2.4 It is true that as a matter of vocabulary, the patentee used the word "prejudice". But it is equally true that it also submitted that what D28 was intended to prove was that the skilled person had no reasonable expectation of obtaining the McMurry reaction using the formula of the patent at issue. That D28 was discussed in detail under that angle is also evidenced by the fact that the patentee speaks of "the experimental results described in D28" (see paragraph 84 of the grounds of appeal).
2.5 Assuming for the sake of argument that D28 had been filed as evidence of technical prejudice in the meaning acknowledged by the case law (namely an opinion or a general preconceived idea widely and universally held by experts in that field), and that it was implicitly obvious for the respondents that this could not be the case, it would none the less remain a fact that the document formed part of the debate, and was presented by the appellant as crucial.
Whatever the legal label allocated to this document, its contents were not a general concept but a description of a reaction which called for precise arguments- as was done in respondent 1's written submissions (see page 23 of its submissions dated 21 December 2007 and its previous submissions before the opposition division).
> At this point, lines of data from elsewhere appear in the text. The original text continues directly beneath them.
lemma continuous_map_tau_Tr_top: "continuous_map (tau \<alpha>) Tr_top (\<lambda>T. T)"
  unfolding Tr_top_def
proof (rule continuous_map_into_subtopology)
  show "continuous_map (tau \<alpha>)
    (pullback_topology UNIV (\<lambda>S \<nu>. \<nu> \<in> S) (product_topology (\<lambda>_. discrete_topology UNIV) UNIV))
    (\<lambda>T. T)"
    by (rule continuous_map_pullback')
      (simp_all add: o_def continuous_map_componentwise_UNIV continuous_map_tau_member)
  show "(\<lambda>T. T) \<in> topspace (tau \<alpha>) \<rightarrow> Tr"
    using A_subset_Tr topspace_tau by blast
qed

lemma borel_sets_preimage:
  assumes f: "continuous_map X Y f" and B: "B \<in> borel_sets Y"
  shows "{x \<in> topspace X. f x \<in> B} \<in> borel_sets X"
proof -
  have "f \<in> topspace X \<rightarrow> topspace Y"
    using f by (rule continuous_map_funspace)
  then have "f -` B \<inter> topspace X
      \<in> sigma_sets (topspace X) {f -` V \<inter> topspace X | V. V \<in> {V. openin Y V}}"
    using sigma_sets_vimage_commute[of f "topspace X" "topspace Y" "{V. openin Y V}"] B
    unfolding borel_sets_def by blast
  also have "\<dots> \<subseteq> sigma_sets (topspace X) {S. openin X S}"
  proof (rule sigma_sets_mono')
    show "{f -` V \<inter> topspace X | V. V \<in> {V. openin Y V}} \<subseteq> {S. openin X S}"
      using f unfolding continuous_map_openin_preimage_eq by (auto simp only: Int_commute)
  qed
  finally show ?thesis
    unfolding borel_sets_def by (simp add: vimage_def Int_def conj_commute)
qed

lemma borel_sets_tau:
  assumes "B \<subseteq> A \<alpha>" "B \<in> borel_sets Tr_top"
  shows "B \<in> borel_sets (tau \<alpha>)"
proof -
  have "{T \<in> topspace (tau \<alpha>). T \<in> B} = B"
    using assms(1) topspace_tau by blast
  then show ?thesis
    using borel_sets_preimage[OF continuous_map_tau_Tr_top[of \<alpha>] assms(2)] by simp
qed

section \<open>Isolated points\<close>

definition map_head :: "(nat \<Rightarrow> nat) \<Rightarrow> nat list \<Rightarrow> nat list" where
  "map_head p s = (case s of [] \<Rightarrow> [] | k # r \<Rightarrow> p k # r)"

lemma map_head_Nil [simp]: "map_head p [] = []"
  and map_head_singleton [simp]: "map_head p [k] = [p k]"
  and map_head_append: "s \<noteq> [] \<Longrightarrow> map_head p (s @ t) = map_head p s @ t"
  unfolding map_head_def by (auto split: list.split)

lemma map_head_Tr: "T \<in> Tr \<Longrightarrow> map_head p -` T \<in> Tr"
  unfolding Tr_def
  by (auto simp: map_head_append) (metis append_self_conv2 map_head_Nil map_head_append)

lemma map_head_rank:
  assumes T: "T \<in> Trw" and p: "surj p"
  shows "map_head p -` T \<in> Trw"
    and "\<nu> \<in> map_head p -` T \<Longrightarrow> h (map_head p -` T) \<nu> = h T (map_head p \<nu>)"
proof -
  have "is_rank_at (map_head p -` T) (\<lambda>s. h T (map_head p s)) \<nu>" if "\<nu> \<in> map_head p -` T" for \<nu>
  proof (cases "\<nu> = []")
    case True
    have children: "(\<forall>k. [p k] \<in> T \<longrightarrow> ord_less (h T [p k]) x) \<longleftrightarrow>
        (\<forall>k. [k] \<in> T \<longrightarrow> ord_less (h T [k]) x)" for x
      using p by (metis surjD)
    show ?thesis
      using is_rank_at_h[OF T, of "[]"] that True unfolding is_rank_at_def by (simp add: children)
  next
    case False
    then show ?thesis
      using is_rank_at_h[OF T, of "map_head p \<nu>"] that unfolding is_rank_at_def
      by (simp add: map_head_append)
  qed
  then show "map_head p -` T \<in> Trw"
    and "\<nu> \<in> map_head p -` T \<Longrightarrow> h (map_head p -` T) \<nu> = h T (map_head p \<nu>)"
    using h_eqI[OF map_head_Tr[OF Trw_imp_Tr[OF T]]] by blast+
qed

lemma insert_leaf_Tr: "T \<in> Tr \<Longrightarrow> [] \<in> T \<Longrightarrow> insert [n] T \<in> Tr"
  unfolding Tr_def by (auto simp: append_eq_Cons_conv)

lemma insert_leaf_rank:
  assumes T: "T \<in> Trw" "[] \<in> T" "[n] \<notin> T" and pos: "ord_less zero1 (h T [])"
  shows "insert [n] T \<in> Trw" and "\<nu> \<in> T \<Longrightarrow> h (insert [n] T) \<nu> = h T \<nu>"
proof -
  define g where "g = (h T)([n] := zero1)"
  have leaf: "\<nu> @ [k] \<notin> T" if "\<nu> = [n]" for \<nu> k
    using Tr_prefix[OF Trw_imp_Tr[OF T(1)], of "[n]" "[k]"] T(3) that by auto
  have "is_rank_at (insert [n] T) g \<nu>" if \<nu>: "\<nu> \<in> insert [n] T" for \<nu>
  proof -
    consider "\<nu> = [n]" | "\<nu> = []" | "\<nu> \<in> T" "\<nu> \<noteq> []" "\<nu> \<noteq> [n]"
      using \<nu> by blast
    then show ?thesis
    proof cases
      case 1
      then show ?thesis
        using leaf zero1_in_Field zero1_least unfolding is_rank_at_def g_def by simp
    next
      case 2
      have "g [k] = h T [k]" if "[k] \<in> T" for k
        using that T(3) by (auto simp: g_def)
      then show ?thesis
        using is_rank_at_h[OF T(1) T(2)] pos 2 T(3) unfolding is_rank_at_def
        by (auto simp: g_def)
    next
      case 3
      then have "is_rank_at T g \<nu> \<longleftrightarrow> is_rank_at (insert [n] T) g \<nu>"
        by (intro is_rank_at_cong) (auto simp: append_eq_Cons_conv)
      moreover have "is_rank_at T (h T) \<nu> \<longleftrightarrow> is_rank_at T g \<nu>"
        using 3 by (intro is_rank_at_cong) (auto simp: g_def append_eq_Cons_conv)
      ultimately show ?thesis
        using is_rank_at_h[OF T(1) 3(1)] by blast
    qed
  qed
  note rank = h_eqI[OF insert_leaf_Tr[OF Trw_imp_Tr[OF T(1)] T(2)] this]
  show "insert [n] T \<in> Trw"
    by (rule rank(1))
  show "h (insert [n] T) \<nu> = h T \<nu>" if "\<nu> \<in> T"
    using rank(2)[of \<nu>] that T(3) by (auto simp: g_def)
qed

definition prune :: "nat \<Rightarrow> nat list set \<Rightarrow> nat list set" where
  "prune n T = {s \<in> T. \<forall>r. s \<noteq> n # r}"

lemma prune_Tr: "T \<in> Tr \<Longrightarrow> prune n T \<in> Tr"
  unfolding Tr_def prune_def by (auto simp: Cons_eq_append_conv)

lemma prune_rank:
  assumes T: "T \<in> Trw" and m: "[m] \<in> T" "m \<noteq> n" "(h T [n], h T [m]) \<in> omega1"
  shows "prune n T \<in> Trw" and "\<nu> \<in> prune n T \<Longrightarrow> h (prune n T) \<nu> = h T \<nu>"
proof -
  have "is_rank_at (prune n T) (h T) \<nu>" if \<nu>: "\<nu> \<in> prune n T" for \<nu>
  proof (cases "\<nu> = []")
    case True
    have root: "is_rank_at T (h T) []"
      using is_rank_at_h[OF T] \<nu> True unfolding prune_def by blast
    have "ord_less (h T [k]) x"
      if "\<forall>k. [k] \<in> T \<and> k \<noteq> n \<longrightarrow> ord_less (h T [k]) x" "[k] \<in> T" for k x
    proof (cases "k = n")
      case True
      then show ?thesis
        using that(1) m ord_le_less_trans[OF m(3)] by blast
    qed (use that in blast)
    then show ?thesis
      using root True unfolding is_rank_at_def prune_def by simp
  next
    case False
    then have "is_rank_at T (h T) \<nu> \<longleftrightarrow> is_rank_at (prune n T) (h T) \<nu>"
      using \<nu> by (intro is_rank_at_cong) (auto simp: prune_def neq_Nil_conv)
    then show ?thesis
      using is_rank_at_h[OF T] \<nu> unfolding prune_def by blast
  qed
  then show "prune n T \<in> Trw" and "\<nu> \<in> prune n T \<Longrightarrow> h (prune n T) \<nu> = h T \<nu>"
    using h_eqI[OF prune_Tr[OF Trw_imp_Tr[OF T]]] by blast+
qed

lemma exists_other_tree_in_U:
  assumes pos: "ord_less zero1 \<alpha>" and T: "T \<in> A \<alpha>"
  shows "\<exists>T'\<in>U \<alpha> N T. T' \<noteq> T"
proof -
  have TW: "T \<in> Trw" and root: "[] \<in> T" "h T [] = \<alpha>"
    using T unfolding A_def by auto
  define p where "p = Transposition.transpose N (Suc N)"
  have "surj p"
    unfolding p_def by (rule surj_transpose)
  have p_box: "map_head p s = s" if "s \<in> box N" for s
    using that unfolding box_def map_head_def p_def by (auto split: list.split)
  have N_notin_box: "N # r \<notin> box N" for r
    unfolding box_def by simp
  consider "map_head p -` T \<noteq> T" | "map_head p -` T = T" "[N] \<notin> T" | "map_head p -` T = T" "[N] \<in> T"
    by blast
  then show ?thesis
  proof cases
    case 1
    note moved = map_head_rank[OF TW \<open>surj p\<close>]
    have box: "map_head p -` T \<inter> box N = T \<inter> box N"
      using p_box by auto
    have "map_head p -` T \<in> U \<alpha> N T"
    proof (rule in_U_if_agrees[OF T moved(1) box])
      fix \<nu> assume "\<nu> \<in> T \<inter> box N"
      then show "h (map_head p -` T) \<nu> = h T \<nu>"
        using moved(2)[of \<nu>] p_box[of \<nu>] by simp
    qed
    with 1 show ?thesis by blast
  next
    case 2
    note grown = insert_leaf_rank[OF TW root(1) 2(2)]
    have box: "insert [N] T \<inter> box N = T \<inter> box N"
      using N_notin_box[of "[]"] by blast
    have "insert [N] T \<in> U \<alpha> N T"
      using grown(2) pos root(2) by (intro in_U_if_agrees[OF T grown(1) box]) auto
    with 2 show ?thesis by blast
  next
    case 3
    have "[Suc N] \<in> T"
      using 3 by (auto simp: p_def)
    have "h T [N] = h T [Suc N]"
      using map_head_rank(2)[OF TW \<open>surj p\<close>, of "[N]"] 3 \<open>[Suc N] \<in> T\<close> by (simp add: p_def)
    moreover have "h T [Suc N] \<in> Field omega1"
      using is_rank_at_h[OF TW \<open>[Suc N] \<in> T\<close>] unfolding is_rank_at_def by blast
    ultimately have "(h T [N], h T [Suc N]) \<in> omega1"
      using ord_le_refl by simp
    note pruned = prune_rank[OF TW \<open>[Suc N] \<in> T\<close> n_not_Suc_n[symmetric] this]
    have box: "prune N T \<inter> box N = T \<inter> box N"
      using N_notin_box unfolding prune_def by blast
    have "prune N T \<in> U \<alpha> N T"
      using pruned(2) box by (intro in_U_if_agrees[OF T pruned(1) box]) blast
    moreover have "prune N T \<noteq> T"
      using 3(2) unfolding prune_def by blast
    ultimately show ?thesis by blast
  qed
qed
Whatever D28 was called, challenging the correctness of its technical disclosure was a necessary step in order to dispute that its specific results could amount to an opinion generally shared by experts in this field. This approach was not inconceivable for the petitioner who objected to the fact that "the Patentee extends the specific results obtained by Newkome" to a prejudice against heterocoupling in general (see the last sentence of paragraph 26 of the petition). The fact that it might be obvious that the reaction in question did not amount to a technical prejudice did not mean that the evidence of the reaction as disclosed in D28 should not or could not have been challenged.
2.6 Because the change of the label put on D28 did not change the discussion to be held on it, the petitioner also cannot rely on T 18/81 (OJ 1985,166).
2.7 Insofar as the submissions of the petitioner may be understood as challenging the correctness of the decision of the Board of Appeal in its interpretation of D28 and in maintaining the patent in amended form as a consequence of that interpretation, such a review would concern the question of the correct application of substantive law and is thus outside the scope of proceedings under Article 112a EPC.
3. It follows from the foregoing that it is evident that no fundamental violation of the right to be heard occurred during appeal proceedings. Since that was the only violation alleged, the petition has to be rejected as clearly unallowable.
FOR THESE REASONS IT IS DECIDED THAT:
The petition is rejected as clearly unallowable.